The security review gate

Here's the one habit that turns all of the above from a worry into a process: before you ship, make the AI attack its own code. The model that wrote the feature can usually find the holes in it — it just won't unless you ask. Flip it from builder to adversary:

You wrote this endpoint. Now act as an attacker trying to break it.
List every way a malicious user could:
  - read or modify data they shouldn't (authorization holes)
  - inject code via input (SQL injection, XSS, command injection)
  - abuse missing validation or rate limits
For each, show the exact request that exploits it, then the fix.
Don't reassure me — assume there IS a vulnerability and find it.

That last line matters: left neutral, the AI tends to say "looks secure!" Told to assume a flaw exists, it actually goes looking.
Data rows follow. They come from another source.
(* Let $\lambda$ be a well-behaved hypergraph width measure, $k$ an integer, and $H$ a hypergraph with $\lambda\text{-}tw(H)\le k$. Then every clique $C$ of $\underline{\underline{H}}$ satisfies $\lambda_H(C)\le k$. Furthermore, every $(A,B)$-separator $S$ of $H$ with $\lambda_H(S)\le k$ is an $(A,B)$-separator in $\underline{\underline{H}}$.
   Context: A hypergraph $H$ has finite vertex set $V(H)$ and edge set $E(H)$ of subsets of $V(H)$; $||H||$ is the size of its encoding. The Gaifman graph $\underline{H}$ is the graph on $V(H)$ with two distinct vertices adjacent iff they lie in a common edge; $N_G(u)$ is the neighbourhood of $u$ in a graph $G$. The graph $\underline{\underline{H}}$ (depending on $k$) is obtained from $G_0=\underline{H}$ by repeatedly adding to the current graph $G_i$ an edge $uv$ between non-adjacent vertices with $\lambda_H(N_{G_i}(u)\cap N_{G_i}(v))>k$, until no such pair remains (in any order, e.g. lexicographically first). A set $S$ is an $(A,B)$-separator in a graph $G$ (of $H$: in $\underline{H}$) if $A\cap B\subseteq S$ and every path in $G$ from a vertex of $A$ to a vertex of $B$ contains a vertex of $S$. A tree decomposition of $H$ is a tree $T$ with bags $B_t\subseteq V(H)$ such that nodes containing a given vertex form a connected subtree and every edge of $\underline{H}$ is inside some bag. A width measure $\lambda$ assigns to each hypergraph $H$ a real function $\lambda_H$ on subsets of $V(H)$; $\lambda\text{-}tw(H)$ is the minimum over tree decompositions of $\max_t\lambda_H(B_t)$. $\lambda$ is well-behaved if: (1) $\lambda_H(\{x\})\ge1$; (2) $\lambda_H(S\cup T)\le\lambda_H(S)+\lambda_H(T)$; (3) equality in (2) for disjoint $S,T$ with no edge of $\underline{H}$ between them; (4) $\lambda_F(S)\le\lambda_H(T)$ whenever $V(H)\subseteq V(F)$, $E(H)\subseteq E(F)$ and $S\subseteq T$; (5) $\lambda_H(S)\le k$ is decidable in time $||H||^{O(k)}$. *)

theory Defs
  imports Complex_Main
begin
text \<open>Quadratic near 0 and linear at infinity, like F(|x|), but additive over coordinates.\<close>
definition quad_lin :: "real \<Rightarrow> real" where
  "quad_lin x = x\<^sup>2 / (1 + \<bar>x\<bar>)"

lemma quad_lin_nonneg: "0 \<le> quad_lin x"
  by (simp add: quad_lin_def)

lemma F_fun_norm_le_sum_quad_lin:
  fixes x :: "'i::finite \<Rightarrow> real"
  shows "F_fun (sqrt (\<Sum>i\<in>UNIV. (x i)\<^sup>2)) \<le> (\<Sum>i\<in>UNIV. quad_lin (x i))"
proof -
  define t where "t = sqrt (\<Sum>i\<in>UNIV. (x i)\<^sup>2)"
  have t0: "0 \<le> t" unfolding t_def by (simp add: sum_nonneg)
  have coord_le: "\<bar>x i\<bar> \<le> t" for i
  proof -
    have "(x i)\<^sup>2 \<le> (\<Sum>j\<in>UNIV. (x j)\<^sup>2)" by (rule member_le_sum) auto
    hence "sqrt ((x i)\<^sup>2) \<le> t" unfolding t_def by (rule real_sqrt_le_mono)
    thus ?thesis by simp
  qed
  have "F_fun t \<le> t\<^sup>2 / (1 + t)" using F_fun_le_sq_div[OF t0] .
  also have "\<dots> = (\<Sum>i\<in>UNIV. (x i)\<^sup>2 / (1 + t))"
    unfolding t_def by (simp add: sum_nonneg sum_divide_distrib)
  also have "\<dots> \<le> (\<Sum>i\<in>UNIV. quad_lin (x i))"
    unfolding quad_lin_def using coord_le t0
    by (intro sum_mono divide_left_mono) (auto intro!: mult_pos_pos add_pos_nonneg)
  finally show ?thesis unfolding t_def .
qed

lemma quad_lin_le_add_one:
  fixes a :: real assumes "0 \<le> a"
  shows "quad_lin (a - 1) \<le> a + 1"
proof -
  have "\<bar>a-1\<bar>\<^sup>2 \<le> \<bar>a-1\<bar> * (1 + \<bar>a-1\<bar>)" by (simp add: power2_eq_square algebra_simps)
  hence "quad_lin (a - 1) \<le> \<bar>a-1\<bar>" by (simp add: quad_lin_def divide_le_eq add_pos_nonneg)
  thus ?thesis using assms by linarith
qed

lemma quad_lin_le_sqrt_dist:
  fixes a :: real assumes "0 \<le> a"
  shows "quad_lin (a - 1) \<le> 4 * (sqrt a - 1)\<^sup>2"
proof -
  define r where "r = sqrt a"
  have r0: "0 \<le> r" and a_eq: "a = r\<^sup>2" using assms unfolding r_def by auto
  have "(r+1)\<^sup>2 \<le> 4 * (1 + \<bar>a-1\<bar>)"
  proof (cases "1 \<le> r")
    case True
    hence "\<bar>a-1\<bar> = r\<^sup>2 - 1" unfolding a_eq by (simp add: abs_of_nonneg one_le_power)
    moreover have "(r+1)\<^sup>2 \<le> (2*r)\<^sup>2" using True by (intro power_mono) auto
    ultimately show ?thesis by (simp add: power2_eq_square)
  next
    case False
    hence "(r+1)\<^sup>2 \<le> 2\<^sup>2" using r0 by (intro power_mono) auto
    thus ?thesis using abs_ge_zero[of "a-1"] by (simp del: abs_ge_zero)
  qed
  hence "(r-1)\<^sup>2 * (r+1)\<^sup>2 \<le> 4 * (r-1)\<^sup>2 * (1 + \<bar>a-1\<bar>)"
    by (metis mult.assoc mult.left_commute mult_left_mono zero_le_power2)
  moreover have "\<bar>a-1\<bar>\<^sup>2 = (r-1)\<^sup>2 * (r+1)\<^sup>2"
    unfolding a_eq by (simp add: power2_eq_square algebra_simps)
  ultimately show ?thesis unfolding quad_lin_def r_def by (simp add: divide_le_eq add_pos_nonneg)
qed

definition log_excess :: "real \<Rightarrow> real" where
  "log_excess r = r - 1 - ln r"

lemma log_excess_nonneg: "0 < r \<Longrightarrow> 0 \<le> log_excess r"
  unfolding log_excess_def using ln_le_minus_one by fastforce

lemma sqrt_dist_le_log_excess:
  fixes a A :: real assumes a: "0 < a" and A: "0 < A"
  shows "(sqrt a - 1)\<^sup>2 \<le> A * (log_excess (a/A) + log_excess (1/A))"
proof -
  define r where "r = sqrt a / A"
  have r: "0 < r" unfolding r_def using a A by simp
  have "A * (log_excess (a/A) + log_excess (1/A)) - (sqrt a - 1)\<^sup>2 = 2 * A * log_excess r"
    unfolding log_excess_def r_def using a A
    by (simp add: ln_div ln_sqrt field_simps power2_eq_square)
  moreover have "0 \<le> 2 * A * log_excess r" using A log_excess_nonneg[OF r] by simp
  ultimately show ?thesis by linarith
qed

lemma one_minus_exp_neg_ge:
  fixes D :: real assumes "0 \<le> D"
  shows "min D 1 / 2 \<le> 1 - exp (- D)"
proof (cases "D \<le> 1")
  case True
  have "1 + D \<le> exp D" by simp
  hence "exp (-D) \<le> 1/(1+D)" using assms by (simp add: exp_minus field_simps)
  also have "\<dots> \<le> 1 - D/2"
  proof -
    have "D * D \<le> D" using assms True mult_left_mono[of D 1 D] by simp
    hence "1 \<le> (1 - D/2) * (1 + D)" by (simp add: algebra_simps)
    thus ?thesis using assms by (simp add: divide_le_eq)
  qed
  finally show ?thesis using True by simp
next
  case False
  have "exp (-D) \<le> exp (-1)" using False by simp
  also have "exp (-1::real) \<le> 1/2"
    using exp_ge_add_one_self[of 1] by (simp add: exp_minus divide_simps)
  finally show ?thesis using False by simp
qed

context
  fixes a :: "'i::finite \<Rightarrow> real" and \<beta> :: real
begin

text \<open>The means of \<open>a\<close> padded with \<open>\<beta> - n\<close> ones, \<open>\<beta>\<close> not necessarily an integer;
  \<open>log_gap\<close> is \<open>ln (padded_arith_mean / padded_geom_mean)\<close> when all \<open>a i\<close> are positive.\<close>

definition padded_arith_mean :: real where
  "padded_arith_mean = (sum a UNIV + \<beta> - real CARD('i)) / \<beta>"

definition padded_geom_mean :: real where
  "padded_geom_mean = prod a UNIV powr (1 / \<beta>)"

definition slack :: real where
  "slack = 1 - real CARD('i) / \<beta>"

definition log_gap :: real where
  "log_gap = ln padded_arith_mean - (\<Sum>i\<in>UNIV. ln (a i)) / \<beta>"

context
  assumes a_nonneg: "\<And>i. 0 \<le> a i" and card_le_beta: "real CARD('i) \<le> \<beta>"
begin

lemma beta_ge_one: "1 \<le> \<beta>"
proof -
  have "1 \<le> real CARD('i)" by simp
  thus ?thesis using card_le_beta by linarith
qed

lemma beta_mult_slack: "\<beta> * slack = \<beta> - real CARD('i)"
  using beta_ge_one by (simp add: slack_def field_simps)

lemma slack_nonneg: "0 \<le> slack"
  using beta_ge_one card_le_beta by (simp add: slack_def)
Pair the adversarial pass with a short pre-ship checklist you run on anything user-facing:

  • Every endpoint checks authorization, not just that the user is logged in
  • All database queries are parameterized — no string-built SQL
  • User input rendered to the page is escaped (no raw HTML injection)
  • No secrets in client code, and none committed to the repo
  • .env is gitignored; any leaked key has been rotated
  • File uploads validate type and size and use generated names
  • New dependencies were eyeballed for real existence and reputation

And run a secret scanner before you push — a tool like gitleaks (or your platform's built-in scanning) greps your code and history for things shaped like keys. It's a one-command safety net for the most expensive mistake on the list, and you can have the AI wire it into CI so it runs on every push.